To be better able to compete, Morris formed the Nuffield Group, which included Morris, MG, Riley, and Wolseley, with these companies collectively responsible for about 50% of the total of production of UK cars in the late Thirties, in the years preceding the outbreak of World War II.
While Morris produced both large and small family saloons, they enjoyed most of their success on the small family car sector, with their Morris Eight and Ten top sellers in the UK during the post-Second World War years.
Morris, like most of their competitors, took their time to get back into gear after the war, relying on the pre-war models to meet the emerging demand for new cars.
However, Morris had plans for the Fifties, and they got under way in late October 1948, as the eagerly awaited Earls Court motor show in London opened its doors to the public so that they could cast their eyes upon three entirely new models: the Minor, the slightly larger Oxford, and the Six.

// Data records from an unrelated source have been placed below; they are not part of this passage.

(* Let $p>2$ be a prime and $n>2$ an integer, and let $G(p,n)=\langle x,y\mid x^{p^n}=1,\ y^{p^{n-1}}=1,\ yxy^{-1}=x^{p+1}\rangle\cong\mathbb{Z}_{p^n}\rtimes\mathbb{Z}_{p^{n-1}}$. Then $G(p,n)$ is a finite nilpotent group of nilpotency class at least $n-1$, and $[e]_\varphi$ is a subgroup of $G(p,n)$ for every inner automorphism $\varphi$ of $G(p,n)$. Consequently, if $p_n$ denotes the $n$-th prime, the direct product $G=\prod_{n>2}G(p_n,n)$ is a residually nilpotent, non-nilpotent group such that $[e]_\varphi$ is a subgroup of $G$ for every inner automorphism $\varphi$ of $G$.
   Context: For an automorphism $\varphi$ of a group $G$, $[e]_\varphi=\{z^{-1}\varphi(z)\mid z\in G\}$. A group $G$ is residually nilpotent if $\bigcap_k\gamma_k(G)=\{e\}$, where $\gamma_1(G)=G$, $\gamma_{k+1}(G)=[\gamma_k(G),G]$, $[x,y]=x^{-1}y^{-1}xy$. *)

theory Defs
  imports "HOL-Algebra.Algebra" "HOL-Computational_Algebra.Primes" "HOL-Library.Infinite_Set"
begin

definition comm :: "('a, 'b) monoid_scheme \<Rightarrow> 'a \<Rightarrow> 'a \<Rightarrow> 'a" where
  "comm G x y = inv\<^bsub>G\<^esub> x \<otimes>\<^bsub>G\<^esub> inv\<^bsub>G\<^esub> y \<otimes>\<^bsub>G\<^esub> x \<otimes>\<^bsub>G\<^esub> y"

text \<open>Lower central series, 1-indexed: gamma G 1 = G, gamma G (k+1) = [gamma G k, G].
  (gamma G 0 is set to G as well; it plays no role.)\<close>
fun gamma :: "('a, 'b) monoid_scheme \<Rightarrow> nat \<Rightarrow> 'a set" where
  "gamma G 0 = carrier G"
| "gamma G (Suc 0) = carrier G"
| "gamma G (Suc (Suc k)) =
     generate G {comm G x y | x y. x \<in> gamma G (Suc k) \<and> y \<in> carrier G}"

definition nilpotent_grp :: "('a, 'b) monoid_scheme \<Rightarrow> bool" where
  "nilpotent_grp G \<longleftrightarrow> (\<exists>c. gamma G (Suc c) = {\<one>\<^bsub>G\<^esub>})"

definition nilpotency_class :: "('a, 'b) monoid_scheme \<Rightarrow> nat" where
  "nilpotency_class G = (LEAST c. gamma G (Suc c) = {\<one>\<^bsub>G\<^esub>})"

definition residually_nilpotent :: "('a, 'b) monoid_scheme \<Rightarrow> bool" where
  "residually_nilpotent G \<longleftrightarrow> (\<Inter>k\<in>{1..}. gamma G k) = {\<one>\<^bsub>G\<^esub>}"

definition inner_aut :: "('a, 'b) monoid_scheme \<Rightarrow> 'a \<Rightarrow> 'a \<Rightarrow> 'a" where
  "inner_aut G g = (\<lambda>z\<in>carrier G. g \<otimes>\<^bsub>G\<^esub> z \<otimes>\<^bsub>G\<^esub> inv\<^bsub>G\<^esub> g)"

definition inner_auts :: "('a, 'b) monoid_scheme \<Rightarrow> ('a \<Rightarrow> 'a) set" where
  "inner_auts G = inner_aut G ` carrier G"

definition twisted_class_e :: "('a, 'b) monoid_scheme \<Rightarrow> ('a \<Rightarrow> 'a) \<Rightarrow> 'a set" where
  "twisted_class_e G \<phi> = {inv\<^bsub>G\<^esub> z \<otimes>\<^bsub>G\<^esub> \<phi> z | z. z \<in> carrier G}"

text \<open>G(p,n) = Z_{p^n} \<rtimes> Z_{p^(n-1)}, where the generator y of Z_{p^(n-1)} acts on Z_{p^n}
  by multiplication by p+1.  The pair (a,b) stands for x^a y^b, so that
  (x^a y^b)(x^c y^d) = x^(a + (p+1)^b c) y^(b+d).\<close>
definition Gpn :: "nat \<Rightarrow> nat \<Rightarrow> (nat \<times> nat) monoid" where
  "Gpn p n = \<lparr>carrier = {0..<p^n} \<times> {0..<p^(n-1)},
              monoid.mult = (\<lambda>(a,b) (c,d). ((a + (p+1)^b * c) mod p^n, (b + d) mod p^(n-1))),
              one = (0, 0)\<rparr>"

text \<open>n-th prime, 1-indexed: nth_prime 1 = 2, nth_prime 2 = 3, ...\<close>
definition nth_prime :: "nat \<Rightarrow> nat" where
  "nth_prime n = enumerate {p::nat. Factorial_Ring.prime p} (n - 1)"

end

theory Submission
  imports Defs "HOL-Number_Theory.Number_Theory"
begin

text \<open>
  Write q = p + 1, so that y x y^-1 = x^q in G(p,n). Every commutator is a power of x:
  [x^a y^b, x^c y^d] = x^e with e = q^(-b-d) ((q^b - 1) c - (q^d - 1) a). Since q = 1 mod p,
  commutators with elements of <x^(p^k)> lie in <x^(p^(k+1))>, while [x^(p^k), y^-1] = x^(p^(k+1));
  hence gamma_(k+1) = <x^(p^k)> and the nilpotency class is exactly n.

  For the inner automorphism phi given by g, the set [e]_phi consists of the commutators [z, g^-1].
  For fixed w = x^c y^d and z = x^a y^b the exponent above is q^-d ((1 - q^-b) c - (q^d - 1) q^-b a).
  By lifting the exponent, q has order p^(n-1) modulo p^n, so its powers are exactly the residues
  congruent to 1 mod p: 1 - q^-b runs through all multiples of p, independently of the arbitrary
  a. Hence these commutators form the subgroup <x^(p q^-d c), x^(q^-d (q^d - 1))>.

  In a direct product, the lower central series and these commutator sets are computed
  componentwise. The factor with index c + 3 has class c + 3, so no gamma_(c+1) of the product is
  trivial, while every component of an element of the intersection of all gamma_k is trivial.
\<close>

section \<open>Powers of p + 1 modulo powers of p\<close>

lemma one_plus_power_expansion:
  fixes e :: int
  shows "\<exists>r. (1 + e)^i = 1 + int i * e + int (i choose 2) * e^2 + e^3 * r"
proof (induction i)
  case 0
  show ?case by (rule exI[of _ 0]) simp
next
  case (Suc i)
  then obtain r where r: "(1 + e)^i = 1 + int i * e + int (i choose 2) * e^2 + e^3 * r" by blast
  have "Suc i choose 2 = (i choose 2) + i" by (simp add: numeral_2_eq_2)
  then show ?case
    by (intro exI[of _ "int (i choose 2) + r + r * e"])
       (simp add: r algebra_simps power2_eq_square power3_eq_cube)
qed

lemma cong_pred_square_one: "[k * k = 1] (mod Suc k)"
proof -
  have "k * k mod Suc k = (k * k + Suc k) mod Suc k" by (rule mod_add_self2[symmetric])
  also have "k * k + Suc k = 1 + Suc k * k" by simp
  also have "(1 + Suc k * k) mod Suc k = 1 mod Suc k" by (rule mod_mult_self2)
  finally show ?thesis by (simp add: cong_def)
qed

lemma lifting_exponent_step:
  fixes v :: int
  assumes p: "Factorial_Ring.prime p" "p > 2" and k: "k \<ge> 1"
  shows "\<exists>v'. (1 + int p^k * v)^p = 1 + int p^(k+1) * v' \<and> [v' = v] (mod int p)"
proof -
  obtain r where r: "(1 + int p^k * v)^p = 1 + int p * (int p^k * v)
      + int (p choose 2) * (int p^k * v)^2 + (int p^k * v)^3 * r"
    using one_plus_power_expansion by blast
  \<comment> \<open>this is where \<open>p\<close> odd is needed\<close>
  have "p dvd (p choose 2)" using p by (intro dvd_choose_prime) auto
  then obtain c where c: "p choose 2 = p * c" by blast
  obtain k' where k': "k = Suc k'" using k by (cases k) auto
  define v' where "v' = v + int p ^ k * int c * v^2 + int p ^ (2*k'+1) * v^3 * r"
  have "int p ^ (k' * 2) = int p ^ k' * int p ^ k'" by (simp add: power_mult power2_eq_square)
  then have "(1 + int p^k * v)^p = 1 + int p^(k+1) * v'"
    unfolding r unfolding v'_def c k'
    by (simp add: algebra_simps power2_eq_square power3_eq_cube power_add mult_2)
  moreover have "int p dvd v' - v" unfolding v'_def k' by simp
  then have "[v' = v] (mod int p)" by (simp add: cong_iff_dvd_diff)
  ultimately show ?thesis by blast
qed

lemma lifting_exponent:
  assumes p: "Factorial_Ring.prime p" "p > 2"
  shows "\<exists>v. int (p+1)^(p^j) = 1 + int p^(j+1) * v \<and> [v = 1] (mod int p)"
proof (induction j)
  case 0
  show ?case by (rule exI[of _ 1]) simp
next
  case (Suc j)
  then obtain v where v: "int (p+1)^(p^j) = 1 + int p^(j+1) * v" "[v = 1] (mod int p)" by blast
  obtain v' where v': "(1 + int p^(j+1) * v)^p = 1 + int p^(j+2) * v'" "[v' = v] (mod int p)"
    using lifting_exponent_step[OF p, of "j+1" v] by auto
  have "int (p+1)^(p^Suc j) = (int (p+1)^(p^j))^p" by (simp add: power_mult[symmetric] mult.commute)
  also have "\<dots> = 1 + int p^(Suc j+1) * v'" using v(1) v'(1) by simp
  finally show ?case using v(2) v'(2) cong_trans by blast
qed

lemma Suc_prime_power_cong_one:
  assumes "Factorial_Ring.prime p" "p > 2"
  shows "[(p+1)^(p^j) = 1] (mod p^Suc j)"
proof -
  obtain v where "int (p+1)^(p^j) = 1 + int p^(j+1) * v" using lifting_exponent[OF assms] by blast
  then have "[int ((p+1)^(p^j)) = int 1] (mod int (p^Suc j))" by (simp add: cong_iff_dvd_diff)
  then show ?thesis by (simp only: cong_int_iff)
qed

All of these new models had been designed for Morris by the famous designer Alec Issigonis (who would later go on to create the Mini for BMC). Issigonis’s offerings had an extremely modern look, recognized by the UK motoring media to be well ahead of their time. These new models, as well as others that followed from Morris in the early Fifties, sold very well. At that point, it appeared that the Nuffield Group, with William Morris, then still in his Fifties could do no wrong and would remain at the top of the leading independent UK car manufacturers of the decade. That is the reason why the industry was shocked in 1952 when the news began to break that the Nuffield Group was to merge with their previous archrivals, Austin, and Austin-Healey to form the British Motor Corporation. In the process BMC became the largest car manufacturer in Europe. With the merger came the almost inevitable interchange of engines and other parts between marques and complete bodies were “badge engineered”, in other words, marketed under another marque's badge after being after some minor cosmetic changes, to make it stand out just a little.Austin’s firebrand managing director Leonard Lord was handed the tumultuous task of running BMC, which led to Austin's domination of the organisation, with Morris Motors' influence within the company gradually diluted. It did not take too long before Austin became little more than an operating subsidiary of BMC, with the Nuffield brands, the fruit of William Morris’s rich imagination, powerful drive and vision finally fading into history by the mid-Sixties. William Morris, by that time Lord Nuffield, during the Fifties gradually wound up his activities at BMC, in his later years preferring to concentrate on his considerable philanthropic activities. He passed away in 1963, at the age of 86. Lord Nuffield will be remembered as one of the most hard-driving and innovator pioneers of the auto industry in the United Kingdom of the Twentieth century.